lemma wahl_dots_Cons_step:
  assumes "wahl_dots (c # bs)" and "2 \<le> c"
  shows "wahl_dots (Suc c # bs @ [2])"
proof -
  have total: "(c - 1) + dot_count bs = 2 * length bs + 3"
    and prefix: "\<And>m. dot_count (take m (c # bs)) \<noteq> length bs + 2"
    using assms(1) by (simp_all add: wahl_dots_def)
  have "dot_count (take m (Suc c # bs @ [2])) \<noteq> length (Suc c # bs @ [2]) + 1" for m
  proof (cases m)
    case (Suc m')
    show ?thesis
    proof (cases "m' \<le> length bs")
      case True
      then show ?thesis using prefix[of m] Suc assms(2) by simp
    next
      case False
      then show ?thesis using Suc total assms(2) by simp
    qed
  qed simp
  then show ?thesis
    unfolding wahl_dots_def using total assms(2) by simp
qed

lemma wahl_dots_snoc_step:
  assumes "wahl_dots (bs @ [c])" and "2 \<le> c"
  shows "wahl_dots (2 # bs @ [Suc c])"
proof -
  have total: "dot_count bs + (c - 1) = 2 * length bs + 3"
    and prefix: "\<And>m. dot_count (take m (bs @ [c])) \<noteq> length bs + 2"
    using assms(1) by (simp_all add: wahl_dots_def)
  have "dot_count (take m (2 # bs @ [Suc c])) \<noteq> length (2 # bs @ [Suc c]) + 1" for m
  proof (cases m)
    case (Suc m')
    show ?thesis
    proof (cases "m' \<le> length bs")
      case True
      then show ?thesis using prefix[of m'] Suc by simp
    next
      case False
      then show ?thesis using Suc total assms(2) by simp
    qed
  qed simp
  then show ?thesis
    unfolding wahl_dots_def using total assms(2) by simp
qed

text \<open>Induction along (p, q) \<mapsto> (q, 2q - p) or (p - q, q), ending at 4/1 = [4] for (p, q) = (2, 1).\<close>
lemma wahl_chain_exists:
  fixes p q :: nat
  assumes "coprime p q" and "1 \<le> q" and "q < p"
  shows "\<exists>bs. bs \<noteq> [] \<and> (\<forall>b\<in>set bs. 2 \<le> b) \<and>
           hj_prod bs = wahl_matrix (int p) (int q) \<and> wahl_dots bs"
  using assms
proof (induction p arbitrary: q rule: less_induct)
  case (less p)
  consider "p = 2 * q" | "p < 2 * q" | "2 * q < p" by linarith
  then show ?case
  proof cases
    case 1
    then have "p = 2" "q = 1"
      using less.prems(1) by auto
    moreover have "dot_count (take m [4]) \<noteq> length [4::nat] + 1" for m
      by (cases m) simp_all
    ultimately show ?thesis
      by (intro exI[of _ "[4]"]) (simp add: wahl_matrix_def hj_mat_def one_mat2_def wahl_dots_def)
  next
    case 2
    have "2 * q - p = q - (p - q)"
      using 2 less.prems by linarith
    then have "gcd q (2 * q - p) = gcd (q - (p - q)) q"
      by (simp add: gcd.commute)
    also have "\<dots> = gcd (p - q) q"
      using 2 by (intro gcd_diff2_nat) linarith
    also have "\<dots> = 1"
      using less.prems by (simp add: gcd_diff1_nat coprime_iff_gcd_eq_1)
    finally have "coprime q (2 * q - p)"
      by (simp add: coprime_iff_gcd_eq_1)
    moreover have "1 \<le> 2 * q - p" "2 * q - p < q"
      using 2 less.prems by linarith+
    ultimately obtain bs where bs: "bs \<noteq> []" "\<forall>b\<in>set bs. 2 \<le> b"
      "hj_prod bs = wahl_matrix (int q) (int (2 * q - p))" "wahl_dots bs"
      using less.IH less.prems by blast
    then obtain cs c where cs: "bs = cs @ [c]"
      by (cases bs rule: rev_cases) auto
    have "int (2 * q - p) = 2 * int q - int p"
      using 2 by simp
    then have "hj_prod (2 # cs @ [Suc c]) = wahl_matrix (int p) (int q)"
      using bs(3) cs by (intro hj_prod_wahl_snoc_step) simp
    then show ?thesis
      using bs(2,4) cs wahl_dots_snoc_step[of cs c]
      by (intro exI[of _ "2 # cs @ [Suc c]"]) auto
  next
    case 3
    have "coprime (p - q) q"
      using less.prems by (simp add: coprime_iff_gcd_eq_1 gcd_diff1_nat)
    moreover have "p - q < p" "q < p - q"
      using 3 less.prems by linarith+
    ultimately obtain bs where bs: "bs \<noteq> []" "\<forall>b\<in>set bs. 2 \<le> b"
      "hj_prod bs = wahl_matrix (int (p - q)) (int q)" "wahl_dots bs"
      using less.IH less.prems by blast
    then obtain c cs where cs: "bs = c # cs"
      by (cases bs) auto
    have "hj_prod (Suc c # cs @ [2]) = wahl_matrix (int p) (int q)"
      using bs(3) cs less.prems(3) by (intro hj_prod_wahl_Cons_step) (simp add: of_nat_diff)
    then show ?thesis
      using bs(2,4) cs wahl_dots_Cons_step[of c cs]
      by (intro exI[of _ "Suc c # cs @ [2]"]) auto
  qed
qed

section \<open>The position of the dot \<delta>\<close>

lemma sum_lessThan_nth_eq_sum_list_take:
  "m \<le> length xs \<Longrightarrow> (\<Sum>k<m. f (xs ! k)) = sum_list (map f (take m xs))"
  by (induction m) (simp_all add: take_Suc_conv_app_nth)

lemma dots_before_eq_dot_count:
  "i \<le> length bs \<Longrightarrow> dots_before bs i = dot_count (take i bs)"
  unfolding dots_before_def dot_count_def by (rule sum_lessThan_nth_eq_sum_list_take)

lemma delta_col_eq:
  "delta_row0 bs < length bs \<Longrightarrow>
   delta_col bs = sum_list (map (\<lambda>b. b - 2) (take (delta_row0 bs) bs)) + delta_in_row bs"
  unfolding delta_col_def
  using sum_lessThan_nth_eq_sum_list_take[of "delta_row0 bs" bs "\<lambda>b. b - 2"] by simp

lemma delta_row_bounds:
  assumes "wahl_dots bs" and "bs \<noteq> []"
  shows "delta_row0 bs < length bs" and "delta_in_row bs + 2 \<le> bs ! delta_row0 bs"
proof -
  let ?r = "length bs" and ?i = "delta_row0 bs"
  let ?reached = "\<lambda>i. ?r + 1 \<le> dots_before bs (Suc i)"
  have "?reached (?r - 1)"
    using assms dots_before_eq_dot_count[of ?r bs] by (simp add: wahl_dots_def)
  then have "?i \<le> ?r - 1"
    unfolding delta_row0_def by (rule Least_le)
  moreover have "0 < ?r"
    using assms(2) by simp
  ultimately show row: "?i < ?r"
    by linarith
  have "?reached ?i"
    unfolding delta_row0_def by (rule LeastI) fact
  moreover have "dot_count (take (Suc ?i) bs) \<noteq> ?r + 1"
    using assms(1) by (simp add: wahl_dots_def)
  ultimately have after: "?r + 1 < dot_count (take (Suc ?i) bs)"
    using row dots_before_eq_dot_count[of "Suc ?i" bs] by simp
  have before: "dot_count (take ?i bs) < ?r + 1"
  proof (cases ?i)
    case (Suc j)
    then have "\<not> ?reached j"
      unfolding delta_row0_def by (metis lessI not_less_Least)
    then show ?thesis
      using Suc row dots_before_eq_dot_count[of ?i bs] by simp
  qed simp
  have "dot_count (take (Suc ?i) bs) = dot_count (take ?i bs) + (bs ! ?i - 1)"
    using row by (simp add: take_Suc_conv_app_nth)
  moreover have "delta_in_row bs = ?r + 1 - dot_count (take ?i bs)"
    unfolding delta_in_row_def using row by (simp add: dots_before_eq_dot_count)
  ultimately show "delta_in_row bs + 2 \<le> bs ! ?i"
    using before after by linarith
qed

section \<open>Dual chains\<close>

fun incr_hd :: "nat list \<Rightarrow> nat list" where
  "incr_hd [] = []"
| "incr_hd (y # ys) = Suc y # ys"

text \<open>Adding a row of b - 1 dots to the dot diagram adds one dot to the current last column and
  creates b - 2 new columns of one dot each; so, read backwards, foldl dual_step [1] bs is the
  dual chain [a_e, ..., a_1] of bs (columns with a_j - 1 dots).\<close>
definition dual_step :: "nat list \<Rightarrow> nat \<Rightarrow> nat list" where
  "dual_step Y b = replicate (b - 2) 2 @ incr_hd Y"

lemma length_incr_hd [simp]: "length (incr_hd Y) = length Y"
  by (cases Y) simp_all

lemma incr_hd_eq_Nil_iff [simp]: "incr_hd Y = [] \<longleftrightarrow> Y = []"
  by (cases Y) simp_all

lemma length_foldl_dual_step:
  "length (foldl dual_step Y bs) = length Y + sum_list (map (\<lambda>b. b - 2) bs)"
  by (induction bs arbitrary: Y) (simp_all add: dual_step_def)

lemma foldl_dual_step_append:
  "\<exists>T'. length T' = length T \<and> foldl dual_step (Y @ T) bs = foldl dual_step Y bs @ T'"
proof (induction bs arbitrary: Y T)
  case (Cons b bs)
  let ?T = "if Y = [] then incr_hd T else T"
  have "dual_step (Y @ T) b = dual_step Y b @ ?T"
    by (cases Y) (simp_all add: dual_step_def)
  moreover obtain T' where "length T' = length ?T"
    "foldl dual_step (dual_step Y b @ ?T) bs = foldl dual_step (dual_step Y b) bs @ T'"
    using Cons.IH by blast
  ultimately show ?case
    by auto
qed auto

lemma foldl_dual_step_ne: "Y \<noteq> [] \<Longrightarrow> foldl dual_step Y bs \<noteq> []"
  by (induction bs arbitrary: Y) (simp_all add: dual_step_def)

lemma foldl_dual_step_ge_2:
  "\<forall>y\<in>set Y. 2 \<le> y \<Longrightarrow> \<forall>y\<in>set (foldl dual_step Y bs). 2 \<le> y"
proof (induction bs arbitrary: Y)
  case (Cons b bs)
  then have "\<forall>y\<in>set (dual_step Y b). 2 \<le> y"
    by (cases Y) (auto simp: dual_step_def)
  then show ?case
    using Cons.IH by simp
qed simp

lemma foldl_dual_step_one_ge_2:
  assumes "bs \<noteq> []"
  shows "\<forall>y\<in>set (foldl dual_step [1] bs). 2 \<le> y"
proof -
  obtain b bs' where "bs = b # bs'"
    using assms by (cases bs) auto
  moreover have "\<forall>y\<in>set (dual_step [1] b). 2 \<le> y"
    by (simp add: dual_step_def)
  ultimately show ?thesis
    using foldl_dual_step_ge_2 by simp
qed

* * *

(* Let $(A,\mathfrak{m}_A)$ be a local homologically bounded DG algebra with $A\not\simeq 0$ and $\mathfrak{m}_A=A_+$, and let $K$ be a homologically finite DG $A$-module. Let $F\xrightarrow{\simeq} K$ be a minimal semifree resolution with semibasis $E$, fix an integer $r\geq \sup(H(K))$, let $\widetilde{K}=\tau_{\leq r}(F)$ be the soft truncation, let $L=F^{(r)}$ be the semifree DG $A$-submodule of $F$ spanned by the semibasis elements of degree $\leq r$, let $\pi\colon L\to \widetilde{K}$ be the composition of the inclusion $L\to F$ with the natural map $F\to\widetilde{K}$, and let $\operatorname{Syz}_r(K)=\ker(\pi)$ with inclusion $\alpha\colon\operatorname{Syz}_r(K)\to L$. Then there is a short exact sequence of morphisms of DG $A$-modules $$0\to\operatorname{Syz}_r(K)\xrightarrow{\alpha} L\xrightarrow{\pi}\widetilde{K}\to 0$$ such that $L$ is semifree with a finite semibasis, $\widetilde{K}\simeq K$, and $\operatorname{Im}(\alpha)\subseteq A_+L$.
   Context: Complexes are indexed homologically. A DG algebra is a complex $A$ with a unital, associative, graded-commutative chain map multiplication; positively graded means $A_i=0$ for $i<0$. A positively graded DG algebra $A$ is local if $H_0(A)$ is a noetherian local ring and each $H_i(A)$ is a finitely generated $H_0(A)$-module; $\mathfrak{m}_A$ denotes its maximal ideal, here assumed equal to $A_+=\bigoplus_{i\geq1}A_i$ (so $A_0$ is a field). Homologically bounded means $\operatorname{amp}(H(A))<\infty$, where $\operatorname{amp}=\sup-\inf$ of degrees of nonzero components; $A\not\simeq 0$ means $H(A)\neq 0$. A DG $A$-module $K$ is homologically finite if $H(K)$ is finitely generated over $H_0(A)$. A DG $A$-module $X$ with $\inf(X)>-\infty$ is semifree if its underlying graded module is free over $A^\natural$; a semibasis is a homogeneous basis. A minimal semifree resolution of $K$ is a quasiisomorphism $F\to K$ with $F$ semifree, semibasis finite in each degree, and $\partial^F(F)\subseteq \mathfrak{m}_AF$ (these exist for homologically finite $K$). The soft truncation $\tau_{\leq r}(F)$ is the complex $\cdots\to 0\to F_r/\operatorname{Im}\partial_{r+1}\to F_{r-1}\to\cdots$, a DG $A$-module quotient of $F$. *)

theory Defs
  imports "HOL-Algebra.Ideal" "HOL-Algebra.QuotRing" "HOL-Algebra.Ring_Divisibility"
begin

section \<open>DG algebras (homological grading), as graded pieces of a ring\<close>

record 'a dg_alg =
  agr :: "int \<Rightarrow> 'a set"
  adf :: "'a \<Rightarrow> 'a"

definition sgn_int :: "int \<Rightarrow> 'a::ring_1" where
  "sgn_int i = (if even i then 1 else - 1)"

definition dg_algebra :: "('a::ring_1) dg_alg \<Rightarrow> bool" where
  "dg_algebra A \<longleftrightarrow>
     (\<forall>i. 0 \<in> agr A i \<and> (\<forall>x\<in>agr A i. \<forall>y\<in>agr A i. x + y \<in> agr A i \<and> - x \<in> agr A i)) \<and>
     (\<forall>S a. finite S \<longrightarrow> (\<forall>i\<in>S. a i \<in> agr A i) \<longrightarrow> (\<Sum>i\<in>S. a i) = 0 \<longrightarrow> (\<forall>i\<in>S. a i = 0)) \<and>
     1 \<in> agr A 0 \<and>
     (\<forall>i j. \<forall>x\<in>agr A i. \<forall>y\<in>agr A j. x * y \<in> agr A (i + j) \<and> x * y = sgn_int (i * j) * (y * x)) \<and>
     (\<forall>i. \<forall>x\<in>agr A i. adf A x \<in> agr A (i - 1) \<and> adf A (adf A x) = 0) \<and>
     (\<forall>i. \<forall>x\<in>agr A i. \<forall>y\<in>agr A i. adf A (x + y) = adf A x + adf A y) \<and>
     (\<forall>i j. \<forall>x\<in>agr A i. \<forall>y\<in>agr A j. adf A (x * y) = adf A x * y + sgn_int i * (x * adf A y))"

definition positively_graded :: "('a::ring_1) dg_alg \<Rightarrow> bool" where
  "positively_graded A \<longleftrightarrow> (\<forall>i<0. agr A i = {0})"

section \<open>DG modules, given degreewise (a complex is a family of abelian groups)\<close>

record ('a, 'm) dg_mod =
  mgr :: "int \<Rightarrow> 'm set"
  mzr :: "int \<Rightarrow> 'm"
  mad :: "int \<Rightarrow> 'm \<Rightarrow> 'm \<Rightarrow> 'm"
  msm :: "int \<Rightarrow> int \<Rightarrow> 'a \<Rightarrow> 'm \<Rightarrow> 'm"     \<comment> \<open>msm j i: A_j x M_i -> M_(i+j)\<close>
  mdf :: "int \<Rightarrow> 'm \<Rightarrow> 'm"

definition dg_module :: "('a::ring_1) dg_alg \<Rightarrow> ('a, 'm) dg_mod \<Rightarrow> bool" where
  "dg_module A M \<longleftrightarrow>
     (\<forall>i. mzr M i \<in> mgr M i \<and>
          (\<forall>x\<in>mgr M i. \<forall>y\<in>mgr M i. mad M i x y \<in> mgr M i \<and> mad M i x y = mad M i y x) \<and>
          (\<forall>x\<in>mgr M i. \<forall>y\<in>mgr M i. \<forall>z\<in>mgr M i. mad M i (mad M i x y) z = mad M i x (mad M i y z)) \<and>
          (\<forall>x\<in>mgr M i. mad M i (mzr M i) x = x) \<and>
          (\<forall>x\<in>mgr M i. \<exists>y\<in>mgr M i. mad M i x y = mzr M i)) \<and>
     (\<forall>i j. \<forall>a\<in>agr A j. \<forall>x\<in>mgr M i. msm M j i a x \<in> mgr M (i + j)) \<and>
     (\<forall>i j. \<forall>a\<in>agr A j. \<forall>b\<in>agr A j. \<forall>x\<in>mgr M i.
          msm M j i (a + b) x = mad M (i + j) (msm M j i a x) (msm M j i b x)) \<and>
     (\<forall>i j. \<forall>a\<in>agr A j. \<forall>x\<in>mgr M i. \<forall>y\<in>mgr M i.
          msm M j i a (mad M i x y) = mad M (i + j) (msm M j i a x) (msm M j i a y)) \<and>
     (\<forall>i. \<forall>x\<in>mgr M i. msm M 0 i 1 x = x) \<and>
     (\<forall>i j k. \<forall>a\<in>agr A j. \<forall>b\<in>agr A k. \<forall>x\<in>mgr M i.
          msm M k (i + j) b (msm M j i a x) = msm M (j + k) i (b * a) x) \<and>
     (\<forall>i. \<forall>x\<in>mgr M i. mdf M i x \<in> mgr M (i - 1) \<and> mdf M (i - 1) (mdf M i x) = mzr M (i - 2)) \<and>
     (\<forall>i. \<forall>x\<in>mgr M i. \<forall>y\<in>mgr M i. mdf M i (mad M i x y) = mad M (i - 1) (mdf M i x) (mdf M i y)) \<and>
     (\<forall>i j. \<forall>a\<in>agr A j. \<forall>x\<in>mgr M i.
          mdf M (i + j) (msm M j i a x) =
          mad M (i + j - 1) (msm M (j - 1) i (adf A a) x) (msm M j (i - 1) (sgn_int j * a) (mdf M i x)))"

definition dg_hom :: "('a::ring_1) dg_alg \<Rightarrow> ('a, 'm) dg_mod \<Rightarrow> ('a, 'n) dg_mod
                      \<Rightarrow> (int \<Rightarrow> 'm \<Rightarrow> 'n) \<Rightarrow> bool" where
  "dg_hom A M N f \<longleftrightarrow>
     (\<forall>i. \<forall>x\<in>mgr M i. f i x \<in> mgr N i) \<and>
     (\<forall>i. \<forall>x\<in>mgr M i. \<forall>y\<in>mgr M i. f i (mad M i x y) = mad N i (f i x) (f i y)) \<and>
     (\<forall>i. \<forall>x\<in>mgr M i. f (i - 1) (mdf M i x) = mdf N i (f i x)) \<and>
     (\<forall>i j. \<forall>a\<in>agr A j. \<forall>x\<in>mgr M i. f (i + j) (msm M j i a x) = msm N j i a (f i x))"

...

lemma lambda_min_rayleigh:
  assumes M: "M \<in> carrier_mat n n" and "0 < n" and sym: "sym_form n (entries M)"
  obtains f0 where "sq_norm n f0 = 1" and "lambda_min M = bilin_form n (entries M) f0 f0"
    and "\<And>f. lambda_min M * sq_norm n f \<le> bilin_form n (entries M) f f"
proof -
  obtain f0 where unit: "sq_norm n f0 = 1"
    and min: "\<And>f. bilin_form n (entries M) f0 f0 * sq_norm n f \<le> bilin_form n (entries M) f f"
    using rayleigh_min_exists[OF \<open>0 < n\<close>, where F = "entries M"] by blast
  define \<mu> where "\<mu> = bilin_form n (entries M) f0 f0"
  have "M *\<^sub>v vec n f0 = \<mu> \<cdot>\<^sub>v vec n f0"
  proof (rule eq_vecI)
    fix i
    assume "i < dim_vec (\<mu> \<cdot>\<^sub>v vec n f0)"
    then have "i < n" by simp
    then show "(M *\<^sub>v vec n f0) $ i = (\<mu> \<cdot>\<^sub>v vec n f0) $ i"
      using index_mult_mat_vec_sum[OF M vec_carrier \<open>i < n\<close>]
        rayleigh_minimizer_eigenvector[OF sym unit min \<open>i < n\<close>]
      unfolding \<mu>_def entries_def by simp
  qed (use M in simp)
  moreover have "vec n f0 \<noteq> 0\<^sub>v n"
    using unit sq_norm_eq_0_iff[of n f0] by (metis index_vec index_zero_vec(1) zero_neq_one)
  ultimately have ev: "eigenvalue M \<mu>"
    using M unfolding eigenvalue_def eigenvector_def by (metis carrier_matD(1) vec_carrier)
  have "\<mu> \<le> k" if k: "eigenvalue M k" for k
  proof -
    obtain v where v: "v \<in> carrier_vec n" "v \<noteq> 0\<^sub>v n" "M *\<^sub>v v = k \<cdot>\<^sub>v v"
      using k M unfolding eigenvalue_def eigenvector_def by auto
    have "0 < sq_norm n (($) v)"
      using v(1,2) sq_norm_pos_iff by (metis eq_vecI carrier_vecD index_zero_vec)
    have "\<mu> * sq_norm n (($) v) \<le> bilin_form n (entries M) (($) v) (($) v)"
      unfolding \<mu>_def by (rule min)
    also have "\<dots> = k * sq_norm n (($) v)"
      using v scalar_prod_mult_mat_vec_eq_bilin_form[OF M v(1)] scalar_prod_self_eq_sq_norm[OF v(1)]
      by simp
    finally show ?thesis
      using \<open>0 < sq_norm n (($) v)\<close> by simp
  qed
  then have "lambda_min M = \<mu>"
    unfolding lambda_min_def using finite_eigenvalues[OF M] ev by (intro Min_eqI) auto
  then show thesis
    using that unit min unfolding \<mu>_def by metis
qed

TASK GOAL
Retype exactly, and only, the lines above from the one where "using index_mult_mat_vec_sum[OF M" occurs up to and including the one where "n f0 \<noteq>" occurs.

WRITTEN RESPONSE
      using index_mult_mat_vec_sum[OF M vec_carrier \<open>i < n\<close>]
        rayleigh_minimizer_eigenvector[OF sym unit min \<open>i < n\<close>]
      unfolding \<mu>_def entries_def by simp
  qed (use M in simp)
  moreover have "vec n f0 \<noteq> 0\<^sub>v n"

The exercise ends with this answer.